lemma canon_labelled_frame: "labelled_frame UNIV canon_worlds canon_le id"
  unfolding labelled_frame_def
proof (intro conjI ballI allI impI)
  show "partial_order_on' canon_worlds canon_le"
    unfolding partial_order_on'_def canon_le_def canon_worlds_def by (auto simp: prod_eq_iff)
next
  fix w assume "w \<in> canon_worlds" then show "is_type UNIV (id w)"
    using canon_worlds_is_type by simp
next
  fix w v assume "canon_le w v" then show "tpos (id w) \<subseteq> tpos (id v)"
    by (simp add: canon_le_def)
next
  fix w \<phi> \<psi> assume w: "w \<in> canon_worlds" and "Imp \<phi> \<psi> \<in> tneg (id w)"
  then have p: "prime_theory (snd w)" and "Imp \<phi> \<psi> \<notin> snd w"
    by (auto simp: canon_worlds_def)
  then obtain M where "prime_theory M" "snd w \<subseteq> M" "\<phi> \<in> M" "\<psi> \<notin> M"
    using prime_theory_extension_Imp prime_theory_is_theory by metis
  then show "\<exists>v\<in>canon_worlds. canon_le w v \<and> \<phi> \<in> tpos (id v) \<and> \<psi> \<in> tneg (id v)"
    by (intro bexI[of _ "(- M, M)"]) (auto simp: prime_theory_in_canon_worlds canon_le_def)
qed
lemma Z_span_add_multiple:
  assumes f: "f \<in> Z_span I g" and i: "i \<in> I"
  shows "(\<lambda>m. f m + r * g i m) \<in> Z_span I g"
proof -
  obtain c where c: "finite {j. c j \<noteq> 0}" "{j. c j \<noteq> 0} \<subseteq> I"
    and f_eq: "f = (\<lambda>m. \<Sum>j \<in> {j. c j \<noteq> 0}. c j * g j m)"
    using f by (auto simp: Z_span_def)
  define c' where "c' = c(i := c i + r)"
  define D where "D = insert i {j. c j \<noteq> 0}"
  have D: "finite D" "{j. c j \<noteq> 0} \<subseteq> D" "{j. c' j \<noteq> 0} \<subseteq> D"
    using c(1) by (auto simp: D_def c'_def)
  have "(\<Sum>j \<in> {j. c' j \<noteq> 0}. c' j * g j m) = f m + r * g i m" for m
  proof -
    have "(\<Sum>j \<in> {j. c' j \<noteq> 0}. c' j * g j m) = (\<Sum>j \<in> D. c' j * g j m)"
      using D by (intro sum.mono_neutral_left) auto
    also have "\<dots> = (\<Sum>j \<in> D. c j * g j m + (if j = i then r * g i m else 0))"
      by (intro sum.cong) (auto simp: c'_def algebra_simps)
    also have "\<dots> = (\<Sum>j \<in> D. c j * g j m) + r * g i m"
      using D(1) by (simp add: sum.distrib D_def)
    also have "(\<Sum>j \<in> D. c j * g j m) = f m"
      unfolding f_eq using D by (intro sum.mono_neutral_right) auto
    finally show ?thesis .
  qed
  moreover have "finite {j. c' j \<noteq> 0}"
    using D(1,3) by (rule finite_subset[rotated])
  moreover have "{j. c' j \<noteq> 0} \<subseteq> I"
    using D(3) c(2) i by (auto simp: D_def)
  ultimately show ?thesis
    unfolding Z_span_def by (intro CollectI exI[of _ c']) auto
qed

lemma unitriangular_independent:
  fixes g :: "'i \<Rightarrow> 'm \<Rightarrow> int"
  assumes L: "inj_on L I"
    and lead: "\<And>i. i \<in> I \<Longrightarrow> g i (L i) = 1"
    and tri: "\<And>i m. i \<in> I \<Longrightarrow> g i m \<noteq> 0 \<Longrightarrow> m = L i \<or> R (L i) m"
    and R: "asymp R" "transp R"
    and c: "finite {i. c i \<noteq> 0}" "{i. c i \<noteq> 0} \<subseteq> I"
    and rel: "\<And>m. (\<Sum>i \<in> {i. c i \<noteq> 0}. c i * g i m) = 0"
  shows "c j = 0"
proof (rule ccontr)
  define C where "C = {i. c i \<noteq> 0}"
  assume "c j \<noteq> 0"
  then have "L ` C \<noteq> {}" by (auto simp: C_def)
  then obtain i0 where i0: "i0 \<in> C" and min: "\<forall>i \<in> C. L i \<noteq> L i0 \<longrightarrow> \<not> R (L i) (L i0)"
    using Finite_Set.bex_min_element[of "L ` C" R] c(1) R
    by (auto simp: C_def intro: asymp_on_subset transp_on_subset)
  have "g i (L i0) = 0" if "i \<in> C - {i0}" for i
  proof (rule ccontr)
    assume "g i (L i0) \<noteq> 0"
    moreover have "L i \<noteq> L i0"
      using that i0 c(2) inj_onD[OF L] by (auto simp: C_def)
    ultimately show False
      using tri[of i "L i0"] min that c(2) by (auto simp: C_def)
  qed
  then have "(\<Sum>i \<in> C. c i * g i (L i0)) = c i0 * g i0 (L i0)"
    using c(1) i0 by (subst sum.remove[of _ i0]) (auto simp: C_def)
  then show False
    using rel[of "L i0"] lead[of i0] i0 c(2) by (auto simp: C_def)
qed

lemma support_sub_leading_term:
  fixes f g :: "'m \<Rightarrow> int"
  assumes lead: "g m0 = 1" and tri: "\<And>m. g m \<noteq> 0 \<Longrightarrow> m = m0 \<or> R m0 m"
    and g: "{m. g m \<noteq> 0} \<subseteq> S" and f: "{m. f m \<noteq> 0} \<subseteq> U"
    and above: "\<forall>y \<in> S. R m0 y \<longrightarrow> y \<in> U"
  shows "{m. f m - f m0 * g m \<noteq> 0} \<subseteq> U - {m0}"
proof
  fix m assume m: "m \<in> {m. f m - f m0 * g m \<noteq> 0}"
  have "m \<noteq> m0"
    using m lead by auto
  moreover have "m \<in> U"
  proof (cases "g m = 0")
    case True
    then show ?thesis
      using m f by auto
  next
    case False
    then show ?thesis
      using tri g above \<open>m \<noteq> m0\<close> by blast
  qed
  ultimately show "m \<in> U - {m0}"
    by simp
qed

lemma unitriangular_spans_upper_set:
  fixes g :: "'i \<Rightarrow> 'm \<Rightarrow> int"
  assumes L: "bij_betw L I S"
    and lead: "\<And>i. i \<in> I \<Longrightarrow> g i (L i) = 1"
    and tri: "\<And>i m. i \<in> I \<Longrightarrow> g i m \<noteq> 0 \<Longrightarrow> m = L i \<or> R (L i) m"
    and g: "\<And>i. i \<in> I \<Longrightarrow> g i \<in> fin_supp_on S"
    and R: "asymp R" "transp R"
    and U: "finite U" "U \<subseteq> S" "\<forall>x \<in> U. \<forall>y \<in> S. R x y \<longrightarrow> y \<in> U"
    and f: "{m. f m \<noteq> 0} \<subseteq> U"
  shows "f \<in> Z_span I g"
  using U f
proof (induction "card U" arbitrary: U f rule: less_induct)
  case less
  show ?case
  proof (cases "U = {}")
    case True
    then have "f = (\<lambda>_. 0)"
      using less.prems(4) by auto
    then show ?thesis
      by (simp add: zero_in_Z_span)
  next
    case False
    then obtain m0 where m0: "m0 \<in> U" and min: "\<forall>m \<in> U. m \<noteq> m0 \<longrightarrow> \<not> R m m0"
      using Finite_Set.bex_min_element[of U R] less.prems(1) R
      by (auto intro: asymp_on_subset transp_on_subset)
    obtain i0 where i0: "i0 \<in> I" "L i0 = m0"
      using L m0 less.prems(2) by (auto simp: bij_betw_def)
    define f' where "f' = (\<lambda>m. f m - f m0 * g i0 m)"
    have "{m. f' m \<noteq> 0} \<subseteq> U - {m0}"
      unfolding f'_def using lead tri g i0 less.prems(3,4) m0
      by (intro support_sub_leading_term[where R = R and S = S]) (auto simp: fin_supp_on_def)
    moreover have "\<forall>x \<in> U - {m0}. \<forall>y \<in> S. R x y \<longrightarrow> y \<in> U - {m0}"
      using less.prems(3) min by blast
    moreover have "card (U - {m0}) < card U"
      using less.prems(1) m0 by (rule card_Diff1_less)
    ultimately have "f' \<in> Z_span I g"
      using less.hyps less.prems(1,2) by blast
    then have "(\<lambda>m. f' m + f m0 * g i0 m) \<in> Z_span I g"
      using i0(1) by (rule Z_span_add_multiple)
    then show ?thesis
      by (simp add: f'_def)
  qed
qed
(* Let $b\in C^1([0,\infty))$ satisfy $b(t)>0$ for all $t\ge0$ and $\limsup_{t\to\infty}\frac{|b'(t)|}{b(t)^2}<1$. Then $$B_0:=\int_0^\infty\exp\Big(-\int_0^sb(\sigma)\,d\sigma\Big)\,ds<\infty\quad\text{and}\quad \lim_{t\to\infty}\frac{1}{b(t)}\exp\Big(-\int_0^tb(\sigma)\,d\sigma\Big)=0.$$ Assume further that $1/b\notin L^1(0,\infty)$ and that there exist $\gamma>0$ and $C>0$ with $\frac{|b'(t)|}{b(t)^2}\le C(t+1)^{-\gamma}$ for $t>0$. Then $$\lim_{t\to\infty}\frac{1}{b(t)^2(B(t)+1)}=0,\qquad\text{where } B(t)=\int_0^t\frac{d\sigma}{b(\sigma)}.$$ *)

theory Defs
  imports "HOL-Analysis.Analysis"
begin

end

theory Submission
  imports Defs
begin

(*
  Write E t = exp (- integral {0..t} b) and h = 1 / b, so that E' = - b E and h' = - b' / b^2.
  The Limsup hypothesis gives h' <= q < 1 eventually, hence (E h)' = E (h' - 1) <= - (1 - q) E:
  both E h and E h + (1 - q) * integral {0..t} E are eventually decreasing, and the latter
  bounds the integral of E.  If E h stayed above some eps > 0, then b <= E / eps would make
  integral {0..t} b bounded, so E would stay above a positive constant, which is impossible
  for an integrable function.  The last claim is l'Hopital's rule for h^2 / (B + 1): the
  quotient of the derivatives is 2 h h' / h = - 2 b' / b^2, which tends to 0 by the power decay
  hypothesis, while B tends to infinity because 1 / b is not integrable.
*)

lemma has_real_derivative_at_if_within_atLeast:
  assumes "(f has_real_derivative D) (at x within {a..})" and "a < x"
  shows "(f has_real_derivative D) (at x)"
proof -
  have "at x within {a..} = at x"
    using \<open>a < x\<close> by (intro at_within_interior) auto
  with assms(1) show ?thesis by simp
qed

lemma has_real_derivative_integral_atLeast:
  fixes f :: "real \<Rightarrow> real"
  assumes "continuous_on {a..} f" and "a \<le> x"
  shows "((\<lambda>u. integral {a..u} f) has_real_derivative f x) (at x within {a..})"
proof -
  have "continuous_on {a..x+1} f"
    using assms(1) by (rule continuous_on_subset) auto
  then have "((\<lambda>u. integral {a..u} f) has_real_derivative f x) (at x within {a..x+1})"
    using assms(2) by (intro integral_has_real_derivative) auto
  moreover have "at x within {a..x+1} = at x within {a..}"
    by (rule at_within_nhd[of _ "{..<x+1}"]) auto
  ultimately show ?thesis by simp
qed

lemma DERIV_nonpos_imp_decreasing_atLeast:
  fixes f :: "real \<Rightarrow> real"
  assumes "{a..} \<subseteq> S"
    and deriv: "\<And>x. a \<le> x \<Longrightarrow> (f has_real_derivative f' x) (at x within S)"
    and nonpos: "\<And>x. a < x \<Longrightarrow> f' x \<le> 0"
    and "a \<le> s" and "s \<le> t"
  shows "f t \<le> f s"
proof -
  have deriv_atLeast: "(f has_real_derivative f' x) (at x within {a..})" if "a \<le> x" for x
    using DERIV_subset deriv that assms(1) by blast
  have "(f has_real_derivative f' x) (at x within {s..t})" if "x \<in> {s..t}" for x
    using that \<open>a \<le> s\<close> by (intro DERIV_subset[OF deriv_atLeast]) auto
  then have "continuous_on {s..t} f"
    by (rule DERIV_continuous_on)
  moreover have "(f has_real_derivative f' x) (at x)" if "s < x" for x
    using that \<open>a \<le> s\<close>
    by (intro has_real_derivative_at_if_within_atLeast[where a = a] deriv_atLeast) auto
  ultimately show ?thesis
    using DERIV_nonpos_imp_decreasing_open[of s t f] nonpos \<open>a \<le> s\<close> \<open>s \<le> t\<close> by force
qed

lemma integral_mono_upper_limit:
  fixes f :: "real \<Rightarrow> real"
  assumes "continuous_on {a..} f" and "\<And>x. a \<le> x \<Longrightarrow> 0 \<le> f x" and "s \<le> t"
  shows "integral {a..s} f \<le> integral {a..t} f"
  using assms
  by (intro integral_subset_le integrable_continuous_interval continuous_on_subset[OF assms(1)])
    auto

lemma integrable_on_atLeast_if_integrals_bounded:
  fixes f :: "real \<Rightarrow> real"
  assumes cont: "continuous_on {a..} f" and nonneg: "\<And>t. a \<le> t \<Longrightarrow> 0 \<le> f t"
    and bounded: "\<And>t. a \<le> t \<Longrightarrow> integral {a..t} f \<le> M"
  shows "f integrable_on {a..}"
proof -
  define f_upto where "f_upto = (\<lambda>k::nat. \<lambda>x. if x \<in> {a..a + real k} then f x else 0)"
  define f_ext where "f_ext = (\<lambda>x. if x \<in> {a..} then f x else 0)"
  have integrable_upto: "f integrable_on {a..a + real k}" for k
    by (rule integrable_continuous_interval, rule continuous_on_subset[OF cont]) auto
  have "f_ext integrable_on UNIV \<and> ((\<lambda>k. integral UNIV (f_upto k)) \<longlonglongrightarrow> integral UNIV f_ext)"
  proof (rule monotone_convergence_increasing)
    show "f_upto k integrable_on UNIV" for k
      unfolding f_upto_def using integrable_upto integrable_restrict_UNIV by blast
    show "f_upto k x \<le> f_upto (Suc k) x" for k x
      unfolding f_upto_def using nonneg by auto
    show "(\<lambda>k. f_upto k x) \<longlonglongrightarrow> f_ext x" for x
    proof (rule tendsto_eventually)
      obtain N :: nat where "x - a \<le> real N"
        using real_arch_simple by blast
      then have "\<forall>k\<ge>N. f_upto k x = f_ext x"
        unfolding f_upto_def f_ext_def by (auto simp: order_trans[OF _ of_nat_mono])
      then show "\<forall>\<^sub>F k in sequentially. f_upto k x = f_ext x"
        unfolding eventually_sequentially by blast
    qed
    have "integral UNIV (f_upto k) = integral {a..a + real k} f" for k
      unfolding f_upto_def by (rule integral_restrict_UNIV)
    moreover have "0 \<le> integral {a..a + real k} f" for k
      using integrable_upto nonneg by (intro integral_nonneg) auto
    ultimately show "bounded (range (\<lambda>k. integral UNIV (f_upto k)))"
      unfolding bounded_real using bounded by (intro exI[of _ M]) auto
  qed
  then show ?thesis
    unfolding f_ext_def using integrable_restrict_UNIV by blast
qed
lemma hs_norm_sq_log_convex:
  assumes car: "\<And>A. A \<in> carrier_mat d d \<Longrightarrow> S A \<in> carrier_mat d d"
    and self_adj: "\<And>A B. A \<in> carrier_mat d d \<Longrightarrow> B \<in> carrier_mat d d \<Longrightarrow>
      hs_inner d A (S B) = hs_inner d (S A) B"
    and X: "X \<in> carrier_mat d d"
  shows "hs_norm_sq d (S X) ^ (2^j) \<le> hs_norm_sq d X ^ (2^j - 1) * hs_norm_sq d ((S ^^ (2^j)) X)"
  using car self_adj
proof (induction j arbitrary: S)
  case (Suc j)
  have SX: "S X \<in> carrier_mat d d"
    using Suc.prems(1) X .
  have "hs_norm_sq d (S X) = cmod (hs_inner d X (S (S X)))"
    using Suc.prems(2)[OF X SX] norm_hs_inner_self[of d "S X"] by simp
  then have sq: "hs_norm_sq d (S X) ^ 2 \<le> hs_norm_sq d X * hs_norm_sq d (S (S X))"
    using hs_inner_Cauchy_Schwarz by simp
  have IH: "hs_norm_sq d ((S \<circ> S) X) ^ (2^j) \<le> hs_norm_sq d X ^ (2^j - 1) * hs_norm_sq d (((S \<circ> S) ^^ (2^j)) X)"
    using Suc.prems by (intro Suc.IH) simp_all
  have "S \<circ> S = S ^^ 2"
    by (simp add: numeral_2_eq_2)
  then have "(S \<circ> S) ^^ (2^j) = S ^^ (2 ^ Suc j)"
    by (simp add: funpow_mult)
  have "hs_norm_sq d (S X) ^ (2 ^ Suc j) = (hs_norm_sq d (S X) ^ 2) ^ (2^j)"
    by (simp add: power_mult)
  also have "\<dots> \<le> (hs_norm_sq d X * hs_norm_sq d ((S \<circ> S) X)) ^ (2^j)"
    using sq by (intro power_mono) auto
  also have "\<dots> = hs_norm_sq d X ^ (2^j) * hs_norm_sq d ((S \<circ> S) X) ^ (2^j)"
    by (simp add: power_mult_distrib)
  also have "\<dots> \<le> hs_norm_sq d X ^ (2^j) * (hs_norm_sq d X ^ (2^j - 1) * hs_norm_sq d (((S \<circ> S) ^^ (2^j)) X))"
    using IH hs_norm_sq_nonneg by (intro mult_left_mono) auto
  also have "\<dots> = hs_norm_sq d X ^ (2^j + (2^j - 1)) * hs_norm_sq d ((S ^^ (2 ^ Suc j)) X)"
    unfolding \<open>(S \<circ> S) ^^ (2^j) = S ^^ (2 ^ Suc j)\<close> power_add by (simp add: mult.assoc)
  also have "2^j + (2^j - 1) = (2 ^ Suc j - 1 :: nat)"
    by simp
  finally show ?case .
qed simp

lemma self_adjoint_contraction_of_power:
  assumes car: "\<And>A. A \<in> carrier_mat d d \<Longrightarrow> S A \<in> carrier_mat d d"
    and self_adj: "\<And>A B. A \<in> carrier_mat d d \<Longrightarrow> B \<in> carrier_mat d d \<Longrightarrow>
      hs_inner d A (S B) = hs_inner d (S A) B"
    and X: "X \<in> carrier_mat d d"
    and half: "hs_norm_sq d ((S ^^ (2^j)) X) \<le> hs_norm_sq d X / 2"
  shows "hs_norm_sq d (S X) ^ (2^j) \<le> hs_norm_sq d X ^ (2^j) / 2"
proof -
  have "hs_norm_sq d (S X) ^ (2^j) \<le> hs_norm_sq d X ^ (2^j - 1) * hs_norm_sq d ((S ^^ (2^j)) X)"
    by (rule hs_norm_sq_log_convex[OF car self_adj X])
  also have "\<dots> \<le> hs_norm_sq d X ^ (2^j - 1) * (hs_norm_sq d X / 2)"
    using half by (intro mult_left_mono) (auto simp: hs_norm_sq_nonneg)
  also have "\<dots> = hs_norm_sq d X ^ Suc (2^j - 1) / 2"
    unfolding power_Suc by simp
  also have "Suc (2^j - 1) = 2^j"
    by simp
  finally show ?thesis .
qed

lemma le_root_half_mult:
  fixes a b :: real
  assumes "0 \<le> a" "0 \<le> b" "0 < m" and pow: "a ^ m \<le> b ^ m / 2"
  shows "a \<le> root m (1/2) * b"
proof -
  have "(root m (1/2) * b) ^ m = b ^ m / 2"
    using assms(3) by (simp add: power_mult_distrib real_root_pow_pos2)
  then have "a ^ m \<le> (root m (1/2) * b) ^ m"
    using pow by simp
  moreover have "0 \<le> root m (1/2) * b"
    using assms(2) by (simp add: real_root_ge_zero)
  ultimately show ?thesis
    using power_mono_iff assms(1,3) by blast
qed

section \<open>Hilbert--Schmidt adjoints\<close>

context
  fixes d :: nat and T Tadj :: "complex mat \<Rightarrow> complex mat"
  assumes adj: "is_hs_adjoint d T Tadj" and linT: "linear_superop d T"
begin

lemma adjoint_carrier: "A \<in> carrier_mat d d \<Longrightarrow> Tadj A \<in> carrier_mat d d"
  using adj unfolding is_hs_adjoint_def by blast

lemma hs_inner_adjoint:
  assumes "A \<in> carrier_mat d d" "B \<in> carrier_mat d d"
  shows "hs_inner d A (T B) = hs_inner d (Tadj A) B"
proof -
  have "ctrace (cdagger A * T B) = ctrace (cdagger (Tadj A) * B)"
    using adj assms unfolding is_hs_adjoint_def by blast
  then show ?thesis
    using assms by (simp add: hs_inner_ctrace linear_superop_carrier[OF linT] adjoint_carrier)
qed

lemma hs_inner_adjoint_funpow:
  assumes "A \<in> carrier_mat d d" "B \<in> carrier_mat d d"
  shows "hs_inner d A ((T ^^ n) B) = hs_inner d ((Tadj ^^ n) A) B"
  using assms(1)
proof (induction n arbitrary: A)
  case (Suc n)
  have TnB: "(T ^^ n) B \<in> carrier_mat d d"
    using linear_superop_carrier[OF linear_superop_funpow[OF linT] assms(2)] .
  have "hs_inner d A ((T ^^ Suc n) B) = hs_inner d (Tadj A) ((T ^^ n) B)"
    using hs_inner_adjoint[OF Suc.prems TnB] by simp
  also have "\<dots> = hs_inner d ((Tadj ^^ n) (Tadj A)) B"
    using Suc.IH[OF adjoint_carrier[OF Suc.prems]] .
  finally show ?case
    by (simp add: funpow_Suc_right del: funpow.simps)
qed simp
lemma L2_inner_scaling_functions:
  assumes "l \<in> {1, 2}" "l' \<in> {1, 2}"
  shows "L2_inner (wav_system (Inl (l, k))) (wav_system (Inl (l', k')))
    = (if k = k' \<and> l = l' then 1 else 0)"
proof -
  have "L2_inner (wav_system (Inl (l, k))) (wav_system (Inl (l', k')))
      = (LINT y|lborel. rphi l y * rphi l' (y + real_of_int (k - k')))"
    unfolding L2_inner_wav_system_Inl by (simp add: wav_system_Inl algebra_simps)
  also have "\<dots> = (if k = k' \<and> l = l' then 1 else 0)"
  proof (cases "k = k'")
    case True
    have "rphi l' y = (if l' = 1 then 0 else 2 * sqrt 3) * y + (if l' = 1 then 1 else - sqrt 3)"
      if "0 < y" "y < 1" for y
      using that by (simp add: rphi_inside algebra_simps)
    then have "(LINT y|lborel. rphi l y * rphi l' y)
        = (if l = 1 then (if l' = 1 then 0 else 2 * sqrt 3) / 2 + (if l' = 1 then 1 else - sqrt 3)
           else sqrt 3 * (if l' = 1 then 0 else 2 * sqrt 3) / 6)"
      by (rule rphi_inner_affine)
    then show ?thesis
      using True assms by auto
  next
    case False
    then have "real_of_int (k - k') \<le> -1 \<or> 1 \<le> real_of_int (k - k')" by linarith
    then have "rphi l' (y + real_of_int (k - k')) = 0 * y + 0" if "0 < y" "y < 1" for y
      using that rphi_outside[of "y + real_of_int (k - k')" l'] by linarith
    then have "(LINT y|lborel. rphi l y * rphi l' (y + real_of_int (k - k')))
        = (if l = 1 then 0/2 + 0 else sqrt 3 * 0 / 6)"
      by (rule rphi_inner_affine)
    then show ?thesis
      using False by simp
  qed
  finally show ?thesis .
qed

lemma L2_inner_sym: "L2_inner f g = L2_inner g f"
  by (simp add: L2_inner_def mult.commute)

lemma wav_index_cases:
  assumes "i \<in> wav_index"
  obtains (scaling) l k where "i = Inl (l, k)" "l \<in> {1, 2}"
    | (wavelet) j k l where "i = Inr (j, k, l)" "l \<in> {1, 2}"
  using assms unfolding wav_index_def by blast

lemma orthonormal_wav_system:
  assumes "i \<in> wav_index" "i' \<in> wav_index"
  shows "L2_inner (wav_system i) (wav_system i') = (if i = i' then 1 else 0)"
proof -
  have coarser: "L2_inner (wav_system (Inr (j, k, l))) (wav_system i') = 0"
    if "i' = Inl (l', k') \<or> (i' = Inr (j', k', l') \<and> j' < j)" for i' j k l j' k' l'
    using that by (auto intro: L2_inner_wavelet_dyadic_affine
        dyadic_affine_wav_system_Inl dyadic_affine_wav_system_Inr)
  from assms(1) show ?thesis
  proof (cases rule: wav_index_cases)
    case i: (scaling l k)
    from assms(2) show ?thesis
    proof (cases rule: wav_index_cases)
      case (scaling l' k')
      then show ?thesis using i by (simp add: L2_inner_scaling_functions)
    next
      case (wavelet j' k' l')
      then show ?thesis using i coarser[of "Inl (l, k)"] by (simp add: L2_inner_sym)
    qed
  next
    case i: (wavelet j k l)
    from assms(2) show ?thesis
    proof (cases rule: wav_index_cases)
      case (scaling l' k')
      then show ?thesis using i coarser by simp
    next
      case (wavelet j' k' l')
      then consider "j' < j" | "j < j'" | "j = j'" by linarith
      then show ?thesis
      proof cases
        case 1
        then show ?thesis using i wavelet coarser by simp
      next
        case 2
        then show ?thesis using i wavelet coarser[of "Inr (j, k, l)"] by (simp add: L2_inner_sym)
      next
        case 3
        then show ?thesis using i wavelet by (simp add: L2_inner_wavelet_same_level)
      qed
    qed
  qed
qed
--*--
* **What you have to do**:
Transcribe only the lines from the beginning of the entries to the line with "then obtain M where", inclusive, exactly as written.

* **Solution below**:
lemma canon_labelled_frame: "labelled_frame UNIV canon_worlds canon_le id"
  unfolding labelled_frame_def
proof (intro conjI ballI allI impI)
  show "partial_order_on' canon_worlds canon_le"
    unfolding partial_order_on'_def canon_le_def canon_worlds_def by (auto simp: prod_eq_iff)
next
  fix w assume "w \<in> canon_worlds" then show "is_type UNIV (id w)"
    using canon_worlds_is_type by simp
next
  fix w v assume "canon_le w v" then show "tpos (id w) \<subseteq> tpos (id v)"
    by (simp add: canon_le_def)
next
  fix w \<phi> \<psi> assume w: "w \<in> canon_worlds" and "Imp \<phi> \<psi> \<in> tneg (id w)"
  then have p: "prime_theory (snd w)" and "Imp \<phi> \<psi> \<notin> snd w"
    by (auto simp: canon_worlds_def)
  then obtain M where "prime_theory M" "snd w \<subseteq> M" "\<phi> \<in> M" "\<psi> \<notin> M"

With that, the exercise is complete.